Or you could do elog(WARNING) and then abort(), which is pretty much the
same thing.

--
Álvaro Herrera <alvherre(at)commandprompt(dot)com>
The PostgreSQL Company - Command Prompt, Inc.
PostgreSQL Replication, Consulting, Custom Development, 24x7 support


From: Tom Lane <tgl(at)sss(dot)pgh(dot)pa(dot)us>
To: Duncan Rance <postgres(at)dunquino(dot)com>
Cc: Robert Haas <robertmhaas(at)gmail(dot)com>, pgsql-bugs(at)postgresql(dot)org
Subject: Re: BUG #6425: Bus error in slot_deform_tuple
Date: 2012-02-01 21:43:34
Message-ID: 24434.1328132614@sss.pgh.pa.us
Views: Raw Message | Whole Thread | Download mbox | Resend email
Lists: pgsql-bugs pgsql-hackers

Duncan Rance <postgres(at)dunquino(dot)com> writes:
> I mentioned in the bug report that I has asserts in places were t_hoff is set. I've been doing it like so:

> if (hoff % 4 != 0) {
> elog(ERROR, "wrong hoff: %d",hoff);
> abort();
> }

> I've been sitting here waiting for the server to abort and only just realised there are some interesting entries in my pgbench logs. I'm using pgbench to hammer the server with queries, and I have a handful of these:

> Client 87 aborted in state 8: ERROR: wrong hoff: 134

Yowza. Is this just the standard pgbench test, or something else?
If you could post complete instructions for duplicating this, we
could probably find the cause fairly quickly.

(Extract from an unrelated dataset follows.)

(* In the iAPG setting described in the context, assume $\mu>0$ and let $\kappa=\frac{L_g}{\gamma_{\mathrm{dec}}\mu}$. For any $c\in[0,1)$ define $\psi_k=F(x^{(k)})-F^*+(1-(1-c)\alpha_k)\frac{\gamma_k}{2}\|x^*-z^{(k)}\|^2$ for $k\ge0$. Then for all $k\ge0$, $$\psi_{k+1}\le\prod_{j=0}^k(1-c\alpha_j)\Big(\psi_0+\frac{\sqrt\kappa}{2(1-c)^2\underline L}\sum_{t=0}^k\frac{\varepsilon_t^2}{\prod_{j=0}^{t-1}(1-c\alpha_j)}\Big),$$ with the convention that an empty product equals $1$. Moreover, if in addition $\varepsilon_k=0$ for all $k$, then for all $k\ge0$, $$F(x^{(k+1)})-F^*+\frac{\gamma_{k+1}}2\|x^*-z^{(k+1)}\|^2\le\Big(1-\sqrt{1/\kappa}\Big)^{k+1}\Big(F(x^{(0)})-F^*+\frac{\gamma_0}{2}\|x^*-z^{(0)}\|^2\Big).$$
   Context: iAPG setting. Let $g,h:\mathbb R^n\to\mathbb R$ and $r:\mathbb R^n\to\mathbb R\cup\{+\infty\}$, where $g$ is convex, $\mu$-strongly convex for some $\mu\ge0$, and differentiable with $L_g$-Lipschitz gradient ($L_g>0$); $h$ is convex and differentiable with $L_h$-Lipschitz gradient; $r$ is proper, closed and convex. Put $H=h+r$, $F=g+H$, and assume $F$ attains its minimum value $F^*$ at some point $x^*$. Fix constants $\gamma_{\mathrm{dec}}\in(0,1)$ and $\underline L>0$ with $\mu\le\underline L\le L_g$. We consider points $x^{(k)},z^{(k)},y^{(k)}\in\mathbb R^n$ and scalars $\eta_k>0,\alpha_k>0,\gamma_k>0,\varepsilon_k\ge0$ ($k\ge0$) such that $x^{(0)}=z^{(0)}\in\mathrm{dom}(H)$, $\gamma_0\ge\mu$, and for every $k\ge0$: (i) $\gamma_{\mathrm{dec}}/L_g<\eta_k\le1/\underline L$; (ii) $\gamma_{k+1}=\alpha_k^2/\eta_k=(1-\alpha_k)\gamma_k+\alpha_k\mu$; (iii) $y^{(k)}=\frac{1}{\alpha_k\gamma_k+\gamma_{k+1}}\big(\alpha_k\gamma_k z^{(k)}+\gamma_{k+1}x^{(k)}\big)$; (iv) $\mathrm{dist}\big(0,\ \nabla g(y^{(k)})+\tfrac1{\eta_k}(x^{(k+1)}-y^{(k)})+\partial H(x^{(k+1)})\big)\le\varepsilon_k$; (v) $g(x^{(k+1)})\le g(y^{(k)})+\langle\nabla g(y^{(k)}),x^{(k+1)}-y^{(k)}\rangle+\frac1{2\eta_k}\|x^{(k+1)}-y^{(k)}\|^2$; (vi) $z^{(k+1)}=x^{(k)}+\frac1{\alpha_k}(x^{(k+1)}-x^{(k)})$. Here $\partial$ denotes the convex subdifferential and $\mathrm{dist}(0,S)=\inf_{s\in S}\|s\|$. *)

theory Defs
  imports "HOL-Analysis.Analysis"
begin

> What I don't get is why this is causing the client to abort, and not the backend.

As Alvaro said, it's not reaching the abort(). You should use PANIC
instead.

regards, tom lane


From: Duncan Rance <postgres(at)dunquino(dot)com>
To: Tom Lane <tgl(at)sss(dot)pgh(dot)pa(dot)us>
Cc: Robert Haas <robertmhaas(at)gmail(dot)com>, pgsql-bugs(at)postgresql(dot)org
Subject: Re: BUG #6425: Bus error in slot_deform_tuple
Date: 2012-02-01 22:37:32
Message-ID: A7CCB062-B7D1-4015-8B72-38BB3755477C@dunquino.com
Views: Raw Message | Whole Thread | Download mbox | Resend email
Lists: pgsql-bugs pgsql-hackers

On 1 Feb 2012, at 21:43, Tom Lane wrote:
>> Client 87 aborted in state 8: ERROR: wrong hoff: 134
>
> Yowza. Is this just the standard pgbench test, or something else?

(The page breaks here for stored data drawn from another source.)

(* Let $A,B$ be unital Banach algebras and let $X$ be a Banach space which is simultaneously a left Banach $A$-module that is a left function module over $A$, and a right Banach $B$-module that is a right function module over $B$ (no compatibility between the two actions is assumed). Then $(a\cdot x)\cdot b=a\cdot(x\cdot b)$ for all $a\in A$, $x\in X$, $b\in B$; i.e. the two actions make $X$ an $A$-$B$-bimodule.
   Context: A unital Banach algebra has a unit of norm 1. A left Banach $A$-module is a Banach space $X$ with left action satisfying $1\cdot x=x$ and $\|a\cdot x\|\le\|a\|\|x\|$; right Banach modules analogously. $X$ is a left (resp. right) function module over $A$ (resp. $B$) if there exist a compact Hausdorff space $K$, a linear isometry $i\colon X\to C(K)$ and a contractive unital homomorphism $\theta$ from $A$ (resp. $B$) to $C(K)$ with $i(a\cdot x)=\theta(a)i(x)$ (resp. $i(x\cdot b)=i(x)\theta(b)$). *)

theory Defs
  imports "HOL-Analysis.Analysis"
begin

text \<open>Complex Banach spaces are modelled as real Banach spaces (type class banach)
  together with a complex scalar multiplication extending the real one.\<close>

definition complex_banach_space :: "(complex \<Rightarrow> 'x::banach \<Rightarrow> 'x) \<Rightarrow> bool" where
  "complex_banach_space sm \<longleftrightarrow>
     (\<forall>r x. sm (complex_of_real r) x = scaleR r x) \<and>
     (\<forall>c d x. sm (c * d) x = sm c (sm d x)) \<and>
     (\<forall>c d x. sm (c + d) x = sm c x + sm d x) \<and>
     (\<forall>c x y. sm c (x + y) = sm c x + sm c y) \<and>
     (\<forall>c x. norm (sm c x) = cmod c * norm x)"

text \<open>Unital complex Banach algebra: the class real_normed_algebra_1 gives a
  submultiplicative norm and a unit of norm 1.\<close>

definition unital_complex_banach_algebra ::
    "(complex \<Rightarrow> 'a::{real_normed_algebra_1,banach} \<Rightarrow> 'a) \<Rightarrow> bool" where
  "unital_complex_banach_algebra sm \<longleftrightarrow>
     complex_banach_space sm \<and>
     (\<forall>c a b. sm c (a * b) = sm c a * b \<and> sm c (a * b) = a * sm c b)"

definition left_banach_module ::
    "(complex \<Rightarrow> 'a::{real_normed_algebra_1,banach} \<Rightarrow> 'a) \<Rightarrow> (complex \<Rightarrow> 'x::banach \<Rightarrow> 'x)
     \<Rightarrow> ('a \<Rightarrow> 'x \<Rightarrow> 'x) \<Rightarrow> bool" where
  "left_banach_module smA smX act \<longleftrightarrow>
     (\<forall>a b x. act (a + b) x = act a x + act b x) \<and>
     (\<forall>a x y. act a (x + y) = act a x + act a y) \<and>
     (\<forall>c a x. act (smA c a) x = smX c (act a x)) \<and>
     (\<forall>c a x. act a (smX c x) = smX c (act a x)) \<and>
     (\<forall>a b x. act (a * b) x = act a (act b x)) \<and>
     (\<forall>x. act 1 x = x) \<and>
     (\<forall>a x. norm (act a x) \<le> norm a * norm x)"

definition right_banach_module ::
    "(complex \<Rightarrow> 'b::{real_normed_algebra_1,banach} \<Rightarrow> 'b) \<Rightarrow> (complex \<Rightarrow> 'x::banach \<Rightarrow> 'x)
     \<Rightarrow> ('x \<Rightarrow> 'b \<Rightarrow> 'x) \<Rightarrow> bool" where
  "right_banach_module smB smX act \<longleftrightarrow>
     (\<forall>x a b. act x (a + b) = act x a + act x b) \<and>
     (\<forall>x y a. act (x + y) a = act x a + act y a) \<and>
     (\<forall>c x a. act x (smB c a) = smX c (act x a)) \<and>
     (\<forall>c x a. act (smX c x) a = smX c (act x a)) \<and>
     (\<forall>x a b. act x (a * b) = act (act x a) b) \<and>
     (\<forall>x. act x 1 = x) \<and>
     (\<forall>x a. norm (act x a) \<le> norm x * norm a)"

text \<open>C(K) for a compact Hausdorff space K (given as a type with its topology):
  bounded continuous complex functions (bounded continuous functions, type bcontfun) with the sup norm;
  on compact K these are exactly all continuous functions.\<close>

definition complex_linear_isometry_into_CK ::
    "(complex \<Rightarrow> 'x::banach \<Rightarrow> 'x) \<Rightarrow> ('x \<Rightarrow> ('k::topological_space \<Rightarrow>\<^sub>C complex)) \<Rightarrow> bool" where
  "complex_linear_isometry_into_CK smX i \<longleftrightarrow>
     (\<forall>x y. i (x + y) = i x + i y) \<and>
     (\<forall>c x t. apply_bcontfun (i (smX c x)) t = c * apply_bcontfun (i x) t) \<and>
     (\<forall>x. norm (i x) = norm x)"

definition contractive_unital_hom_into_CK ::
    "(complex \<Rightarrow> 'a::{real_normed_algebra_1,banach} \<Rightarrow> 'a)
     \<Rightarrow> ('a \<Rightarrow> ('k::topological_space \<Rightarrow>\<^sub>C complex)) \<Rightarrow> bool" where
  "contractive_unital_hom_into_CK smA \<theta> \<longleftrightarrow>
     (\<forall>a b. \<theta> (a + b) = \<theta> a + \<theta> b) \<and>
     (\<forall>c a t. apply_bcontfun (\<theta> (smA c a)) t = c * apply_bcontfun (\<theta> a) t) \<and>
     (\<forall>a b t. apply_bcontfun (\<theta> (a * b)) t = apply_bcontfun (\<theta> a) t * apply_bcontfun (\<theta> b) t) \<and>
     (\<forall>t. apply_bcontfun (\<theta> 1) t = 1) \<and>
     (\<forall>a. norm (\<theta> a) \<le> norm a)"

text \<open>The existential over K in the paper becomes a universally quantified type
  variable in the theorem (it occurs only in the hypotheses).\<close>

definition left_function_module_on ::
    "'k::t2_space itself \<Rightarrow> (complex \<Rightarrow> 'a::{real_normed_algebra_1,banach} \<Rightarrow> 'a)
     \<Rightarrow> (complex \<Rightarrow> 'x::banach \<Rightarrow> 'x) \<Rightarrow> ('a \<Rightarrow> 'x \<Rightarrow> 'x) \<Rightarrow> bool" where
  "left_function_module_on _ smA smX act \<longleftrightarrow>
     compact (UNIV :: 'k set) \<and>
     (\<exists>(i :: 'x \<Rightarrow> ('k \<Rightarrow>\<^sub>C complex)) (\<theta> :: 'a \<Rightarrow> ('k \<Rightarrow>\<^sub>C complex)).
        complex_linear_isometry_into_CK smX i \<and> contractive_unital_hom_into_CK smA \<theta> \<and>
        (\<forall>a x t. apply_bcontfun (i (act a x)) t = apply_bcontfun (\<theta> a) t * apply_bcontfun (i x) t))"

definition right_function_module_on ::
    "'k::t2_space itself \<Rightarrow> (complex \<Rightarrow> 'b::{real_normed_algebra_1,banach} \<Rightarrow> 'b)
     \<Rightarrow> (complex \<Rightarrow> 'x::banach \<Rightarrow> 'x) \<Rightarrow> ('x \<Rightarrow> 'b \<Rightarrow> 'x) \<Rightarrow> bool" where
  "right_function_module_on _ smB smX act \<longleftrightarrow>
     compact (UNIV :: 'k set) \<and>
     (\<exists>(i :: 'x \<Rightarrow> ('k \<Rightarrow>\<^sub>C complex)) (\<theta> :: 'b \<Rightarrow> ('k \<Rightarrow>\<^sub>C complex)).
        complex_linear_isometry_into_CK smX i \<and> contractive_unital_hom_into_CK smB \<theta> \<and>
        (\<forall>x b t. apply_bcontfun (i (act x b)) t = apply_bcontfun (i x) t * apply_bcontfun (\<theta> b) t))"

end

theory Submission
  imports Defs
begin

text \<open>Represent X in C(K2), where right multiplication S by b is multiplication by
  the function \<theta>2(b). Left multiplication T by a is multiplication by a function of
  modulus at most norm a in the other representation C(K1); since both representations
  are isometric, a Cauchy-Schwarz argument transfers this to C(K2) in a weak form: sums
  of squared moduli of the values of T u, v1, ..., vn at any point t are dominated by
  those of (norm a) u, v1, ..., vn at some point s. By Zorn's lemma and compactness
  there is a minimal closed nonempty set E, inside the peak set of y = T(S x) - S(T x),
  on which this domination holds with s in E. Minimality makes the modulus of every
  element constant on E, so at a point t0 of E the value of T u is a fixed multiple of
  the value of u. Hence T and the multiplication operator S commute at t0, which gives
  norm y = |y(t0)| = 0.\<close>

lemma bcontfun_norm_attained:
  fixes f :: "'k::topological_space \<Rightarrow>\<^sub>C 'b::real_normed_vector"
  assumes "compact (UNIV :: 'k set)"
  shows "\<exists>t. norm (apply_bcontfun f t) = norm f"
proof -
  obtain t where t: "\<And>s. norm (apply_bcontfun f s) \<le> norm (apply_bcontfun f t)"
    using continuous_attains_sup[OF assms, of "\<lambda>s. norm (apply_bcontfun f s)"]
    by (auto intro!: continuous_intros)
  have "norm f \<le> norm (apply_bcontfun f t)"
    using dist_bound[of f 0] t by (simp add: dist_norm)
  with norm_bounded[of f t] show ?thesis by (intro exI[of _ t]) simp
qed

lemma closed_chain_Inter_nonempty:
  fixes \<F> :: "'a::topological_space set set"
  assumes "compact (UNIV :: 'a set)"
    and "\<And>S. S \<in> \<F> \<Longrightarrow> closed S" "{} \<notin> \<F>" "chain\<^sub>\<subseteq> \<F>"
  shows "\<Inter>\<F> \<noteq> {}"
proof -
  have "UNIV \<inter> \<Inter>\<F> \<noteq> {}"
  proof (rule compact_imp_fip[OF assms(1)])
    fix \<G> assume \<G>: "finite \<G>" "\<G> \<subseteq> \<F>"
    show "UNIV \<inter> \<Inter>\<G> \<noteq> {}"
    proof (cases "\<G> = {}")
      case False
      with \<G> assms(4) have "\<Inter>\<G> \<in> \<G>"
        by (intro Inter_in_chain[of _ UNIV]) (auto simp: chain_subset_def subset_chain_def)
      with \<G> assms(3) show ?thesis by auto
    qed simp
  qed (use assms(2) in auto)
  then show ?thesis by simp
qed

This is pgbench with a custom script (-f option.)

> If you could post complete instructions for duplicating this, we
> could probably find the cause fairly quickly.

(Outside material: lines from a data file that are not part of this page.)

definition FF :: "nat \<Rightarrow> (nat \<Rightarrow> nat) \<Rightarrow> (nat \<Rightarrow> real) \<Rightarrow> pt \<Rightarrow> real" where
  "FF r d lam p =
     (let n = (\<Sum>i=1..r. d i) in
      (1 - (1 - fst p 1)\<^sup>2 / (real n - 1)) /
      (\<Prod>i=2..r. (sqrt (lam i) * snd p i) powr (2 * real (d i) / (real n - 1))))"

text \<open>Critical point of f restricted to the submanifold {L = 0, H = 1}: the differential of f
  vanishes on the tangent space, i.e. on all vectors v of R^(2r-1) with dL(p) v = 0 and
  dH(p) v = 0; differentials applied to v are expressed as directional derivatives
  d/dt g(p + t v) at t = 0.\<close>
definition crit_on_level :: "nat \<Rightarrow> (nat \<Rightarrow> nat) \<Rightarrow> (nat \<Rightarrow> real) \<Rightarrow> (pt \<Rightarrow> real) \<Rightarrow> pt \<Rightarrow> bool" where
  "crit_on_level r d lam f p \<longleftrightarrow>
     p \<in> DD r d lam \<and>
     (\<forall>v \<in> coord_space r.
        ((\<lambda>t. LL r lam (pt_line p v t)) has_real_derivative 0) (at 0) \<and>
        ((\<lambda>t. HH r d (pt_line p v t)) has_real_derivative 0) (at 0) \<longrightarrow>
        ((\<lambda>t. f (pt_line p v t)) has_real_derivative 0) (at 0))"

end

theory Submission
  imports Defs
begin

I'd love to, really I would! If I did, the instructions would be War & Peace length :)

I've been on this for over a week now, and much of that has been trying to simplify the test case. I have a lot more to go on now though so I may make more progress with that soon. (Although it's 10:30pm so I'm calling it a day!)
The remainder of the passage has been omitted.